• TASK INSTRUCTIONS
Every line of the following records that includes "simp" should be copied.

DATASET ENTRIES: Begin

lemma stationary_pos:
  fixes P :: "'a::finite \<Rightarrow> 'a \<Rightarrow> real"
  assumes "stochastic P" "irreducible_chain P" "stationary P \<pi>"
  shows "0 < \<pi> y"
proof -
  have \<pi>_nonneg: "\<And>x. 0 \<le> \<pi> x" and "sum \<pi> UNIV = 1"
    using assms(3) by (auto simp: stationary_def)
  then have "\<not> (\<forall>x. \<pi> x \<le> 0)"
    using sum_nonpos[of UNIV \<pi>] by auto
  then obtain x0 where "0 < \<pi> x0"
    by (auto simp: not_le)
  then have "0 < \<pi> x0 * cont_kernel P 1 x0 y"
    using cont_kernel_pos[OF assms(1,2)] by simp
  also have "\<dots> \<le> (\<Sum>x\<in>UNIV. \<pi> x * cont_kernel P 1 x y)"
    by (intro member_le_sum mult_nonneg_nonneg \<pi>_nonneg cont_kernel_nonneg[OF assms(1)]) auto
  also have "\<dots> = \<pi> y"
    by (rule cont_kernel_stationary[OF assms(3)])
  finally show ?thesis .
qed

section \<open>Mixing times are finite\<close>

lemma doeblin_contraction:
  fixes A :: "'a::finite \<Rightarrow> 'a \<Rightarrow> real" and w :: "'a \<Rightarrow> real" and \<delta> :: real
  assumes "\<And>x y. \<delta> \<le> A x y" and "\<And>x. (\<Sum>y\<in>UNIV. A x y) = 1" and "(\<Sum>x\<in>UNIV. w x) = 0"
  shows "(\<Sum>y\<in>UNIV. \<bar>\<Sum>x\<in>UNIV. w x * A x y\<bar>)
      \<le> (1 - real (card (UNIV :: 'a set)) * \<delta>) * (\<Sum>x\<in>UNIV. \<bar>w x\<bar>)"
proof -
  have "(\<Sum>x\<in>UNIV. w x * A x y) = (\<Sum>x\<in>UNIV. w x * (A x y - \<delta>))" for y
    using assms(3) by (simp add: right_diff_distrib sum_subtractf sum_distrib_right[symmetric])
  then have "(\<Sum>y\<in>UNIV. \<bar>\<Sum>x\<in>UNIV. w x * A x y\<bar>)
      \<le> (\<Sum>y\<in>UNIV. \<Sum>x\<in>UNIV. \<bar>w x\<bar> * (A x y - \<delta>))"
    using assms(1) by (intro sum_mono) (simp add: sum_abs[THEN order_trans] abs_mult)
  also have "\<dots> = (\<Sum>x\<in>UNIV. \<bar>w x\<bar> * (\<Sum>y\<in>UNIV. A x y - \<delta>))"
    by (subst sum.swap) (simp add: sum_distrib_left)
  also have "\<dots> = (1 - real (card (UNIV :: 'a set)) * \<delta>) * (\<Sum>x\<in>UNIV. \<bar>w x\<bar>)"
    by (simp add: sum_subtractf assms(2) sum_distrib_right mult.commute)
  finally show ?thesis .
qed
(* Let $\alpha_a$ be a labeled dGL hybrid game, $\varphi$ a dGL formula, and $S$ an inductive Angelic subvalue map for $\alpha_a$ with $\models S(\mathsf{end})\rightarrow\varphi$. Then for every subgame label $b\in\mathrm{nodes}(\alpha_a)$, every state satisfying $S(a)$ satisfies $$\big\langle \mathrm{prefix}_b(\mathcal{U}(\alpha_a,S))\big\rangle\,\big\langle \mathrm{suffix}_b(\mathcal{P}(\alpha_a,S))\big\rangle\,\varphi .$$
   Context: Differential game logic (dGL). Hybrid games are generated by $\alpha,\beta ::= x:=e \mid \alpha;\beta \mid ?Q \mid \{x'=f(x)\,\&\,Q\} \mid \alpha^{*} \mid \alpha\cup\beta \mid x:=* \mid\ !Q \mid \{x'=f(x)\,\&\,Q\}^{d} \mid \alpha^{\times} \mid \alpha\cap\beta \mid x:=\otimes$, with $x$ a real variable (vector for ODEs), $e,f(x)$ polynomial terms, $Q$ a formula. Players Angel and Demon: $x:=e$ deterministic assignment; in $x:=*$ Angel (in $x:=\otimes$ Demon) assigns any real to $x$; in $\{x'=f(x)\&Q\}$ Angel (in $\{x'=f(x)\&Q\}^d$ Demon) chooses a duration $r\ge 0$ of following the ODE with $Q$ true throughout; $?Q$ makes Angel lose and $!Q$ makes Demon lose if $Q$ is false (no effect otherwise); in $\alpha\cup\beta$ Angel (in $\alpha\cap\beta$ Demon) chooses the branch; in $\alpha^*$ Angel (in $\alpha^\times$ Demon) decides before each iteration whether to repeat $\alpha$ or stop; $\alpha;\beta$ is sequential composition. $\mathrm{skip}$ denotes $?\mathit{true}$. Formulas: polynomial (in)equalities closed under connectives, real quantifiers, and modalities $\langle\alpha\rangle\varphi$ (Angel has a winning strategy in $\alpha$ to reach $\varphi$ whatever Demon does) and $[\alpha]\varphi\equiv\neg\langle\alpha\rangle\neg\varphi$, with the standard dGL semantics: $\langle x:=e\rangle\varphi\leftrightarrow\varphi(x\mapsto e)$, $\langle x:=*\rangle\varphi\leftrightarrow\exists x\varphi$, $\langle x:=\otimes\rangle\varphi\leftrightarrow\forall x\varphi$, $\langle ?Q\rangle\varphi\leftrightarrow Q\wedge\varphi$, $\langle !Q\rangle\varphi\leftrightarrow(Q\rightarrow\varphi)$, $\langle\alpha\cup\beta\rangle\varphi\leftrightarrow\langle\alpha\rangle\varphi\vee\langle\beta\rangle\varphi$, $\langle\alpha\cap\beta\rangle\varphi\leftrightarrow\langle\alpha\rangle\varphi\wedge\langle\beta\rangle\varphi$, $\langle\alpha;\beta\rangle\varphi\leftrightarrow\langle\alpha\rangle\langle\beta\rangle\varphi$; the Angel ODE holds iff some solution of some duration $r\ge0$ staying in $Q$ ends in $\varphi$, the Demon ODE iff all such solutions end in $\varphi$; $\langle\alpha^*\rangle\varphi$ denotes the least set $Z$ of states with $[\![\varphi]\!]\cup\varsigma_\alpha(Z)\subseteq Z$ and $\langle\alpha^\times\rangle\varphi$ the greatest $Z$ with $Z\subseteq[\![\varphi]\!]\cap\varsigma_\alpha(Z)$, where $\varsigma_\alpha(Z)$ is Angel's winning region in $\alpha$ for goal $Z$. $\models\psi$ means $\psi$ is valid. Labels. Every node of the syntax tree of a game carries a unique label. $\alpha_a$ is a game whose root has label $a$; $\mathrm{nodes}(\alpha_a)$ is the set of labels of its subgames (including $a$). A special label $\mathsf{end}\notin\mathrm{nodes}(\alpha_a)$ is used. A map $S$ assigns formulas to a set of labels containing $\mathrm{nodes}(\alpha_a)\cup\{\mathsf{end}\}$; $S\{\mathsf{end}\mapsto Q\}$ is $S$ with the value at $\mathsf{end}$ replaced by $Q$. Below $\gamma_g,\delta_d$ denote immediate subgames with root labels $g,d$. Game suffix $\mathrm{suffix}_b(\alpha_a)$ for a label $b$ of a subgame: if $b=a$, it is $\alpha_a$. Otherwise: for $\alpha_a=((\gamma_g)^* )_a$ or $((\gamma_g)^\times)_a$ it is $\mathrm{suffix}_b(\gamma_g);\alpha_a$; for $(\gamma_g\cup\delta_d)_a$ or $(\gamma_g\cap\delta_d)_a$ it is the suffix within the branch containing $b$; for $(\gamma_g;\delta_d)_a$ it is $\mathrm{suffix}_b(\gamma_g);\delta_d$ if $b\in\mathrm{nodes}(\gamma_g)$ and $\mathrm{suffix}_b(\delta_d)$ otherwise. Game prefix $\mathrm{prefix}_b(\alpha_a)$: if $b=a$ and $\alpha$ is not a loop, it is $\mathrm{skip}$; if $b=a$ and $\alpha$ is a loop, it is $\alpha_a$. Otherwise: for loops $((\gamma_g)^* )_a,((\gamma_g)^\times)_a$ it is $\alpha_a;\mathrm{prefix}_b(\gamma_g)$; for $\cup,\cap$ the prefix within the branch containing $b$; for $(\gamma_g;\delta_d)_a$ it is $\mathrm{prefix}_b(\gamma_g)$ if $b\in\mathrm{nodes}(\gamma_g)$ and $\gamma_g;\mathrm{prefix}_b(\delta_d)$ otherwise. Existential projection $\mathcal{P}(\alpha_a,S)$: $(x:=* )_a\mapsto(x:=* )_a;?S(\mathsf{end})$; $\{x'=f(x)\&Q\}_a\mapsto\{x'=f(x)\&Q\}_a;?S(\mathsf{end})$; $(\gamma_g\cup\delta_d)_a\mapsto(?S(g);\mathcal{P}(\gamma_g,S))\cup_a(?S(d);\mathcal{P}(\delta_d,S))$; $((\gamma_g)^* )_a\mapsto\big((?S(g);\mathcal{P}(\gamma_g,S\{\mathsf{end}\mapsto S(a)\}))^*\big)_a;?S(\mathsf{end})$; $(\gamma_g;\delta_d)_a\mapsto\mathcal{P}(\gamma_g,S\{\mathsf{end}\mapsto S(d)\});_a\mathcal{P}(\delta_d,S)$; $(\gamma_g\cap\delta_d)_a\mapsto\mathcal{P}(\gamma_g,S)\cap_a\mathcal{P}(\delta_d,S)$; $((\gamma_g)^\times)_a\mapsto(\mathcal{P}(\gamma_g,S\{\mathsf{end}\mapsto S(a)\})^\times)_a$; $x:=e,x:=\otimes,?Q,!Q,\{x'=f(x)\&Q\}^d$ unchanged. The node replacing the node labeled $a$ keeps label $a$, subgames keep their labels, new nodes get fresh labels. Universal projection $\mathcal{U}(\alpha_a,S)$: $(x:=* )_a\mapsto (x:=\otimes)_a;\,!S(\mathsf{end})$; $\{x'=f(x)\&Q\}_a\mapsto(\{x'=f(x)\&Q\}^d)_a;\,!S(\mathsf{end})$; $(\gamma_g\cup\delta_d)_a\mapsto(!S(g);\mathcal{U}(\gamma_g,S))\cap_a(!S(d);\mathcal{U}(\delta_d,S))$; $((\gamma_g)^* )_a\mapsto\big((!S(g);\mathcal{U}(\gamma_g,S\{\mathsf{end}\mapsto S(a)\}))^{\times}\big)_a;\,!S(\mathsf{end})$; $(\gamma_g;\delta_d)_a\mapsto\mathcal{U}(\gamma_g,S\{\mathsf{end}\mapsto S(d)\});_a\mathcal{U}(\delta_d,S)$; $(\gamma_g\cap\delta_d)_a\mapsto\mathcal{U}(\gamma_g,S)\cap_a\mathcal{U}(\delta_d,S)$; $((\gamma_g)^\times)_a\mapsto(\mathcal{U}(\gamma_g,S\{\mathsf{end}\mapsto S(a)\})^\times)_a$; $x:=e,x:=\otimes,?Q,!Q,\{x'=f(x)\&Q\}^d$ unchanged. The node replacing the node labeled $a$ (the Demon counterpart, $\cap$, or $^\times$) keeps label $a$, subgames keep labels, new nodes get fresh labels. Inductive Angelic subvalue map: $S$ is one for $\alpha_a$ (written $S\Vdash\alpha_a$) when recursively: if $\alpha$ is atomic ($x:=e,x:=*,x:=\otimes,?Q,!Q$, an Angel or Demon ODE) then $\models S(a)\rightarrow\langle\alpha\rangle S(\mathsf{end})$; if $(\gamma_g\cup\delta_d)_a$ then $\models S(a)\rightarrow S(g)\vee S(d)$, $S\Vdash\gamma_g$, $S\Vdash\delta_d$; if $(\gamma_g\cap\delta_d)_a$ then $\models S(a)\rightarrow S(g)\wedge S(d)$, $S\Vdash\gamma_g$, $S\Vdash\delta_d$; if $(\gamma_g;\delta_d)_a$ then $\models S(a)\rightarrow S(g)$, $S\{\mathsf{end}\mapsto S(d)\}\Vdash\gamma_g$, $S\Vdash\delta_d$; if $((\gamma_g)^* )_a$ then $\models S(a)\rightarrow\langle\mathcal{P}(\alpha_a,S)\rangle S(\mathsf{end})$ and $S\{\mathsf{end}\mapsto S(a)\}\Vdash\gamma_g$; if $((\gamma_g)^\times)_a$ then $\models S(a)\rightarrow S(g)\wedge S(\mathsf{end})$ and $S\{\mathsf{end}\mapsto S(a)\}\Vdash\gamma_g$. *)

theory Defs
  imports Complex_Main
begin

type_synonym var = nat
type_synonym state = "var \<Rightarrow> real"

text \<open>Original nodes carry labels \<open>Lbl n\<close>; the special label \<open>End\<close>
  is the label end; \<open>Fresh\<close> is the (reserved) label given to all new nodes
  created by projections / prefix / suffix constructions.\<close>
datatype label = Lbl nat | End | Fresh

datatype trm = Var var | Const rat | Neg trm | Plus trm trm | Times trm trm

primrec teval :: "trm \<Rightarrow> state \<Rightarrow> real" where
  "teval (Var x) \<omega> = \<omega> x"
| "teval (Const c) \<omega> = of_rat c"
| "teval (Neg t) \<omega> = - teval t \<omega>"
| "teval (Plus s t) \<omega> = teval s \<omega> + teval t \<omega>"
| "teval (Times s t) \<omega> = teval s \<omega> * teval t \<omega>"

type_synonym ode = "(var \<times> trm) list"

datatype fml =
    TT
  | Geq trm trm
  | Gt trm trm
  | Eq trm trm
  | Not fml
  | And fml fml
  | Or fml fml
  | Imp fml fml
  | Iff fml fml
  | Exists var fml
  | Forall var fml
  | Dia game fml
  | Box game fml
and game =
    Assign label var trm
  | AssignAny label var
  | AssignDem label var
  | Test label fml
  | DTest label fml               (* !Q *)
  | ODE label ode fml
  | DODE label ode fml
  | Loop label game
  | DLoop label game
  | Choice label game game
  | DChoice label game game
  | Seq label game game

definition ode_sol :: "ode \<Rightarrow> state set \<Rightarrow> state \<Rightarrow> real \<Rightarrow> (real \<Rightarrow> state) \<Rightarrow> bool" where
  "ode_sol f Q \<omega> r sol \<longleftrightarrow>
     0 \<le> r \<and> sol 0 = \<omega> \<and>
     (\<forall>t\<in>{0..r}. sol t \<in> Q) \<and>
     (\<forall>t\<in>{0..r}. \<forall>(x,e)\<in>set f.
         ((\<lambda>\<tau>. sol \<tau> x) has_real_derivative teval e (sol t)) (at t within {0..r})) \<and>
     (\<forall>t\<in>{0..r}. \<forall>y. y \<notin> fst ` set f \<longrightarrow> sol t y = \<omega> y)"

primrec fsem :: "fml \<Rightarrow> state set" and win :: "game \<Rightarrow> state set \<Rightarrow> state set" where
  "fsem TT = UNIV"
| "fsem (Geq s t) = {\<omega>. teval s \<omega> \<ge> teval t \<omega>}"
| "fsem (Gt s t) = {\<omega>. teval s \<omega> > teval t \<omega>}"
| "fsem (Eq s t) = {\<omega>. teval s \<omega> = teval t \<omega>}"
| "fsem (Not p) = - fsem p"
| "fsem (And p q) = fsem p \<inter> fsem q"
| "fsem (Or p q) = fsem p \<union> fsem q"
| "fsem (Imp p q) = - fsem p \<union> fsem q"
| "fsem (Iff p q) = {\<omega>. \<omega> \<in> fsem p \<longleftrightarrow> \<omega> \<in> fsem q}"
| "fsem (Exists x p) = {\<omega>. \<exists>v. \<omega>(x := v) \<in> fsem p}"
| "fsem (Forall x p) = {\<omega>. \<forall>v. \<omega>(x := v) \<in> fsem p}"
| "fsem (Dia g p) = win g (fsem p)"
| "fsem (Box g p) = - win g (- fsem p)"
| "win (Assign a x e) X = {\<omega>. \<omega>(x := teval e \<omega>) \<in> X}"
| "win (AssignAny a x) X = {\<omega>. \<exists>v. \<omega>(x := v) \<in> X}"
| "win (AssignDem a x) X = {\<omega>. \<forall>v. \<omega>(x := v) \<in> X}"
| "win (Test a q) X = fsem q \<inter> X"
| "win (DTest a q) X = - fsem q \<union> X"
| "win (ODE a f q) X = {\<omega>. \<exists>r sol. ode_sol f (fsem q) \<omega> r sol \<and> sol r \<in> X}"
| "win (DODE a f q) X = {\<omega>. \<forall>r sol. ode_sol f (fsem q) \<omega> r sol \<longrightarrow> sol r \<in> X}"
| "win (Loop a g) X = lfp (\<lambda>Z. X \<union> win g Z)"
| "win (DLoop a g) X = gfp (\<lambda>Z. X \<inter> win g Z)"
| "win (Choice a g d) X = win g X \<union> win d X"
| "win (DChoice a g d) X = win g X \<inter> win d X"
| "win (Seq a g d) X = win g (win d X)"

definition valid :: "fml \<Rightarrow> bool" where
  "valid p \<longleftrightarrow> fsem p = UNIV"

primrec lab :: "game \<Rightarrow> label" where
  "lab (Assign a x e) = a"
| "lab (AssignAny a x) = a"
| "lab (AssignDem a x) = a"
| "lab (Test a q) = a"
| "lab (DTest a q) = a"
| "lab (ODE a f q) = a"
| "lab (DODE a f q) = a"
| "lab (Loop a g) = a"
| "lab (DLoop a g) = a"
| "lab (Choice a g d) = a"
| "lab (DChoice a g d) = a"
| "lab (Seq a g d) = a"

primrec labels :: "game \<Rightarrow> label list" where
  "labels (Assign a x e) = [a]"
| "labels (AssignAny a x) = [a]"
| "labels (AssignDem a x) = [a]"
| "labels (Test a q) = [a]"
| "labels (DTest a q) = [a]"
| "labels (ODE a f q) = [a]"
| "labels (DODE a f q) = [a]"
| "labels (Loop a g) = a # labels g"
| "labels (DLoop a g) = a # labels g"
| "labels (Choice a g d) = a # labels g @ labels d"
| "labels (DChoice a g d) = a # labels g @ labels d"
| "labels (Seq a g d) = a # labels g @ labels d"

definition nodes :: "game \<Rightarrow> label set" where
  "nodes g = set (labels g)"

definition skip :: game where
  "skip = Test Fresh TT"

DATASET ENTRIES: End

• SOLUTION FOR THIS TASK
    using assms(3) by (auto simp: stationary_def)
    by (auto simp: not_le)
    using cont_kernel_pos[OF assms(1,2)] by simp
    using assms(3) by (simp add: right_diff_distrib sum_subtractf sum_distrib_right[symmetric])
    using assms(1) by (intro sum_mono) (simp add: sum_abs[THEN order_trans] abs_mult)
    by (subst sum.swap) (simp add: sum_distrib_left)
    by (simp add: sum_subtractf assms(2) sum_distrib_right mult.commute)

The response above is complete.